💽 NFT Tech FAQs

💽 How does NFT minting work?

NFT (Non-Fungible Token) minting binds an artwork to a blockchain token. Minting is a backend process that uses a smart contract and a set of parameters to assign ownership and security. On initial minting, the creator may be the first owner or the original “controlled by” address.

When an NFT is sold, a new token is not created. Instead, the “controlled by” address is updated. Therefore making provenance explicit within the blockchain token.

💽 How does an NFT work technically?

A minted NFT to the Etherium blockchain is on the ERC-721 standard that implements an API for tokens within Smart Contracts. The ERC-721 standard provides the basic functionality to track and transfer NFTs.

NFT tokens operate like other crypto tokens.
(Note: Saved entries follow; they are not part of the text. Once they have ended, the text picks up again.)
(* Let $P$ be a poset and let $\mathcal{U}_1\subseteq\mathcal{U}_2\subseteq\mathcal{U}_3$ be frame-generating join-specifications for $P$. For $k\in\{1,2,3\}$ let $\eta_k:P\to\mathcal{I}_{\mathcal{U}_k}$ be $p\mapsto p^\downarrow$. Then there are frame morphisms $\phi_1:\mathcal{I}_{\mathcal{U}_1}\to\mathcal{I}_{\mathcal{U}_2}$, $\phi_2:\mathcal{I}_{\mathcal{U}_2}\to\mathcal{I}_{\mathcal{U}_3}$ and $\phi:\mathcal{I}_{\mathcal{U}_1}\to\mathcal{I}_{\mathcal{U}_3}$ with $\phi=\phi_2\circ\phi_1$, $\phi_1\circ\eta_1=\eta_2$, $\phi_2\circ\eta_2=\eta_3$ and $\phi\circ\eta_1=\eta_3$; moreover $\phi_1,\phi_2,\phi$ are the unique frame morphisms satisfying these respective equations with the $\eta$ maps.
   Context: A join-specification for $P$ is a set $\mathcal{U}\subseteq\wp(P)$ such that $\bigvee S$ exists in $P$ for every $S\in\mathcal{U}$ and $\{p\}\in\mathcal{U}$ for every $p\in P$. A $\mathcal{U}$-ideal is a down-closed $C\subseteq P$ with $\bigvee S\in C$ whenever $S\in\mathcal{U}$, $S\subseteq C$; $\mathcal{I}_{\mathcal{U}}$ is the complete lattice of $\mathcal{U}$-ideals under inclusion; $\mathcal{U}$ is frame-generating if $\mathcal{I}_{\mathcal{U}}$ is a frame. A frame morphism is a lattice homomorphism preserving arbitrary joins. *)

theory Defs
  imports Main
begin

text \<open>The poset P is modelled as a type of class order (P = UNIV).\<close>

definition is_join :: "'a::order set \<Rightarrow> 'a \<Rightarrow> bool" where
  "is_join S x \<longleftrightarrow> (\<forall>s\<in>S. s \<le> x) \<and> (\<forall>y. (\<forall>s\<in>S. s \<le> y) \<longrightarrow> x \<le> y)"

definition join_spec :: "'a::order set set \<Rightarrow> bool" where
  "join_spec U \<longleftrightarrow> (\<forall>S\<in>U. \<exists>x. is_join S x) \<and> (\<forall>p. {p} \<in> U)"

definition U_ideal :: "'a::order set set \<Rightarrow> 'a set \<Rightarrow> bool" where
  "U_ideal U C \<longleftrightarrow> (\<forall>x y. x \<in> C \<longrightarrow> y \<le> x \<longrightarrow> y \<in> C)
     \<and> (\<forall>S\<in>U. S \<subseteq> C \<longrightarrow> (\<forall>x. is_join S x \<longrightarrow> x \<in> C))"

definition ideals :: "'a::order set set \<Rightarrow> 'a set set" where
  "ideals U = {C. U_ideal U C}"

text \<open>Join in the complete lattice of U-ideals ordered by inclusion
  (least U-ideal containing the union); meets are intersections.\<close>
definition ideal_join :: "'a::order set set \<Rightarrow> 'a set set \<Rightarrow> 'a set" where
  "ideal_join U F = \<Inter>{C \<in> ideals U. \<Union>F \<subseteq> C}"

definition frame_generating :: "'a::order set set \<Rightarrow> bool" where
  "frame_generating U \<longleftrightarrow>
     (\<forall>a\<in>ideals U. \<forall>F. F \<subseteq> ideals U \<longrightarrow>
        a \<inter> ideal_join U F = ideal_join U ((\<lambda>b. a \<inter> b) ` F))"

text \<open>Frame morphism I_U -> I_V: lattice homomorphism (binary meets and joins)
  preserving arbitrary joins; only its values on U-ideals matter.\<close>
definition frame_hom :: "'a::order set set \<Rightarrow> 'a set set \<Rightarrow> ('a set \<Rightarrow> 'a set) \<Rightarrow> bool" where
  "frame_hom U V f \<longleftrightarrow> (\<forall>a\<in>ideals U. f a \<in> ideals V)
     \<and> (\<forall>a\<in>ideals U. \<forall>b\<in>ideals U. f (a \<inter> b) = f a \<inter> f b)
     \<and> (\<forall>a\<in>ideals U. \<forall>b\<in>ideals U. f (ideal_join U {a, b}) = ideal_join V {f a, f b})
     \<and> (\<forall>F. F \<subseteq> ideals U \<longrightarrow> f (ideal_join U F) = ideal_join V (f ` F))"

definition down :: "'a::order \<Rightarrow> 'a set" where
  "down p = {q. q \<le> p}"

end

theory Submission
  imports Defs
begin

text \<open>For \<open>U \<subseteq> V\<close> every \<open>V\<close>-ideal is a \<open>U\<close>-ideal, and the only candidate for a frame
  morphism \<open>I\<^sub>U \<rightarrow> I\<^sub>V\<close> fixing principal downsets is \<open>C \<mapsto>\<close> the \<open>V\<close>-ideal generated
  by \<open>C\<close>: each ideal is the join of the principal downsets below its elements, and
  these joins must be preserved. This closure map preserves arbitrary joins because
  generating a \<open>V\<close>-ideal absorbs generating a \<open>U\<close>-ideal first, and it preserves binary
  meets by the frame distributivity of \<open>I\<^sub>V\<close>, applied once on each side of the meet.
  The same absorption gives \<open>\<phi> = \<phi>\<^sub>2 \<circ> \<phi>\<^sub>1\<close>.\<close>

definition ideal_closure :: "'a::order set set \<Rightarrow> 'a set \<Rightarrow> 'a set" where
  "ideal_closure V X = \<Inter>{C \<in> ideals V. X \<subseteq> C}"

lemma ideal_join_eq_ideal_closure: "ideal_join V F = ideal_closure V (\<Union>F)"
  by (simp add: ideal_join_def ideal_closure_def)

lemma ideal_closure_in_ideals: "ideal_closure V X \<in> ideals V"
  unfolding ideal_closure_def ideals_def U_ideal_def by blast

lemma ideal_closure_superset: "X \<subseteq> ideal_closure V X"
  unfolding ideal_closure_def by blast

lemma ideal_closure_least: "C \<in> ideals V \<Longrightarrow> X \<subseteq> C \<Longrightarrow> ideal_closure V X \<subseteq> C"
  unfolding ideal_closure_def by blast

lemma ideal_closure_ideal: "C \<in> ideals V \<Longrightarrow> ideal_closure V C = C"
  by (meson ideal_closure_least ideal_closure_superset subset_antisym order_refl)

lemma ideal_closure_mono: "X \<subseteq> Y \<Longrightarrow> ideal_closure V X \<subseteq> ideal_closure V Y"
  by (meson ideal_closure_in_ideals ideal_closure_least ideal_closure_superset order_trans)

lemma ideals_antimono: "U \<subseteq> V \<Longrightarrow> ideals V \<subseteq> ideals U"
  unfolding ideals_def U_ideal_def by blast

lemma ideal_closure_absorb:
  assumes "U \<subseteq> V"
  shows "ideal_closure V (ideal_closure U X) = ideal_closure V X"
proof
  have "ideal_closure V X \<in> ideals U"
    using assms ideals_antimono ideal_closure_in_ideals by blast
  then have "ideal_closure U X \<subseteq> ideal_closure V X"
    by (simp add: ideal_closure_least ideal_closure_superset)
  then show "ideal_closure V (ideal_closure U X) \<subseteq> ideal_closure V X"
    by (simp add: ideal_closure_in_ideals ideal_closure_least)
  show "ideal_closure V X \<subseteq> ideal_closure V (ideal_closure U X)"
    by (simp add: ideal_closure_mono ideal_closure_superset)
qed

lemma down_in_ideals: "down p \<in> ideals V"
  unfolding ideals_def U_ideal_def down_def is_join_def by auto

lemma ideal_closure_down: "ideal_closure V (down p) = down p"
  by (simp add: ideal_closure_ideal down_in_ideals)

lemma down_subset_ideal: "a \<in> ideals U \<Longrightarrow> q \<in> a \<Longrightarrow> down q \<subseteq> a"
  unfolding ideals_def U_ideal_def down_def by blast

lemma Union_down_ideal: "a \<in> ideals U \<Longrightarrow> \<Union>(down ` a) = a"
  using down_subset_ideal by (fastforce simp: down_def)

lemma ideal_closure_eq_ideal_join_down:
  "a \<in> ideals U \<Longrightarrow> ideal_closure V a = ideal_join V (down ` a)"
  by (simp add: ideal_join_eq_ideal_closure Union_down_ideal)

lemma Int_ideal_closure:
  assumes "frame_generating V" and "C \<in> ideals V" and "a \<in> ideals U"
  shows "C \<inter> ideal_closure V a = ideal_closure V (C \<inter> a)"
proof -
  have "down ` a \<subseteq> ideals V"
    using down_in_ideals by blast
  then have "C \<inter> ideal_closure V a = ideal_join V ((\<inter>) C ` down ` a)"
    using assms unfolding frame_generating_def ideal_closure_eq_ideal_join_down[OF assms(3)]
    by blast
  also have "\<dots> = ideal_closure V (C \<inter> a)"
    using Union_down_ideal[OF assms(3)] by (simp add: ideal_join_eq_ideal_closure)
  finally show ?thesis .
qed

lemma ideal_closure_Int:
  assumes "frame_generating V" and a: "a \<in> ideals U" and b: "b \<in> ideals U"
  shows "ideal_closure V (a \<inter> b) = ideal_closure V a \<inter> ideal_closure V b"
proof
  show "ideal_closure V (a \<inter> b) \<subseteq> ideal_closure V a \<inter> ideal_closure V b"
    by (simp add: ideal_closure_mono)
  have "ideal_closure V a \<inter> down q \<subseteq> ideal_closure V (a \<inter> b)" if "q \<in> b" for q
  proof -
    have "ideal_closure V a \<inter> down q = ideal_closure V (down q \<inter> a)"
      using Int_ideal_closure[OF assms(1) down_in_ideals a] by blast
    also have "\<dots> \<subseteq> ideal_closure V (a \<inter> b)"
      using down_subset_ideal[OF b that] by (intro ideal_closure_mono) blast
    finally show ?thesis .
  qed
  then have "ideal_closure V a \<inter> b \<subseteq> ideal_closure V (a \<inter> b)"
    using Union_down_ideal[OF b] by blast
  then have "ideal_closure V (ideal_closure V a \<inter> b) \<subseteq> ideal_closure V (a \<inter> b)"
    by (simp add: ideal_closure_in_ideals ideal_closure_least)
  then show "ideal_closure V a \<inter> ideal_closure V b \<subseteq> ideal_closure V (a \<inter> b)"
    using Int_ideal_closure[OF assms(1) ideal_closure_in_ideals b] by simp
qed

lemma ideal_closure_ideal_join:
  assumes "U \<subseteq> V"
  shows "ideal_closure V (ideal_join U F) = ideal_join V (ideal_closure V ` F)"
proof -
  have "ideal_closure V (\<Union>(ideal_closure V ` F)) = ideal_closure V (\<Union>F)"
  proof
    show "ideal_closure V (\<Union>F) \<subseteq> ideal_closure V (\<Union>(ideal_closure V ` F))"
      using ideal_closure_superset by (intro ideal_closure_mono) blast
    show "ideal_closure V (\<Union>(ideal_closure V ` F)) \<subseteq> ideal_closure V (\<Union>F)"
      by (intro ideal_closure_least ideal_closure_in_ideals)
        (meson UN_least Union_upper ideal_closure_mono)
  qed
  then show ?thesis
    using assms by (simp add: ideal_join_eq_ideal_closure ideal_closure_absorb)
qed

lemma frame_hom_ideal_closure:
  assumes "U \<subseteq> V" and "frame_generating V"
  shows "frame_hom U V (ideal_closure V)"
  unfolding frame_hom_def
  using ideal_closure_in_ideals ideal_closure_Int[OF assms(2)]
    ideal_closure_ideal_join[OF assms(1)]
  by auto

lemma frame_hom_fixing_down_eq_ideal_closure:
  assumes "frame_hom U V \<psi>" and "\<forall>p. \<psi> (down p) = down p" and "C \<in> ideals U"
  shows "\<psi> C = ideal_closure V C"
proof -
  have "C = ideal_join U (down ` C)"
    using assms(3) by (simp add: ideal_join_eq_ideal_closure Union_down_ideal ideal_closure_ideal)
  then have "\<psi> C = ideal_join V (\<psi> ` down ` C)"
    using assms(1) down_in_ideals unfolding frame_hom_def by (metis image_subsetI)
  also have "\<psi> ` down ` C = down ` C"
    using assms(2) by (auto simp: image_iff)
  finally show ?thesis
    using ideal_closure_eq_ideal_join_down[OF assms(3)] by simp
qed

theorem lemma4p1:
  fixes U1 U2 U3 :: "'a::order set set"
  assumes "join_spec U1" "join_spec U2" "join_spec U3"
    and "frame_generating U1" "frame_generating U2" "frame_generating U3"
    and "U1 \<subseteq> U2" "U2 \<subseteq> U3"
  shows "\<exists>\<phi>1 \<phi>2 \<phi>.
     frame_hom U1 U2 \<phi>1 \<and> frame_hom U2 U3 \<phi>2 \<and> frame_hom U1 U3 \<phi>
   \<and> (\<forall>C\<in>ideals U1. \<phi> C = \<phi>2 (\<phi>1 C))
   \<and> (\<forall>p. \<phi>1 (down p) = down p) \<and> (\<forall>p. \<phi>2 (down p) = down p) \<and> (\<forall>p. \<phi> (down p) = down p)
   \<and> (\<forall>\<psi>. frame_hom U1 U2 \<psi> \<and> (\<forall>p. \<psi> (down p) = down p) \<longrightarrow> (\<forall>C\<in>ideals U1. \<psi> C = \<phi>1 C))
   \<and> (\<forall>\<psi>. frame_hom U2 U3 \<psi> \<and> (\<forall>p. \<psi> (down p) = down p) \<longrightarrow> (\<forall>C\<in>ideals U2. \<psi> C = \<phi>2 C))
   \<and> (\<forall>\<psi>. frame_hom U1 U3 \<psi> \<and> (\<forall>p. \<psi> (down p) = down p) \<longrightarrow> (\<forall>C\<in>ideals U1. \<psi> C = \<phi> C))"
proof -
  have hom12: "frame_hom U1 U2 (ideal_closure U2)"
    using assms(7,5) by (rule frame_hom_ideal_closure)
  have hom23: "frame_hom U2 U3 (ideal_closure U3)"
    using assms(8,6) by (rule frame_hom_ideal_closure)
  have hom13: "frame_hom U1 U3 (ideal_closure U3)"
    using assms(6-8) by (intro frame_hom_ideal_closure) auto
  have unique: "\<forall>\<psi>. frame_hom U V \<psi> \<and> (\<forall>p. \<psi> (down p) = down p)
      \<longrightarrow> (\<forall>C\<in>ideals U. \<psi> C = ideal_closure V C)" for U V :: "'a set set"
    using frame_hom_fixing_down_eq_ideal_closure by blast
  show ?thesis
    by (rule exI[of _ "ideal_closure U2"], rule exI[of _ "ideal_closure U3"],
        rule exI[of _ "ideal_closure U3"])
      (intro conjI hom12 hom23 hom13 unique allI ballI;
        simp add: ideal_closure_absorb[OF assms(8)] ideal_closure_down)
qed

end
Therefore, NFT artwork can be bought and sold freely on connected Etherium-based exchanges or wallets.

💽 Can an NFT be hacked?

NFTs cannot be hacked individually like an email address.

An NFT is essentially crystallized on the blockchain as code and cannot be modified. The decentralization and distribution over a network tighten the security of blockchain technology versus previous singular digital storage systems. Without a singular point of failure, blockchain is much harder to corrupt.

However, a wallet holding an NFT is vulnerable to a hack. Blockchain wallets and user accounts need to be regarded and protected by the account owner as a bank or securities account. Failure to protect your tokens can place unwarranted risk on the account and vulnerable to hackers. Your security measures may include using unique login credentials, 2FA (two-factor login), avoiding phishing scams, and keeping critical information offline.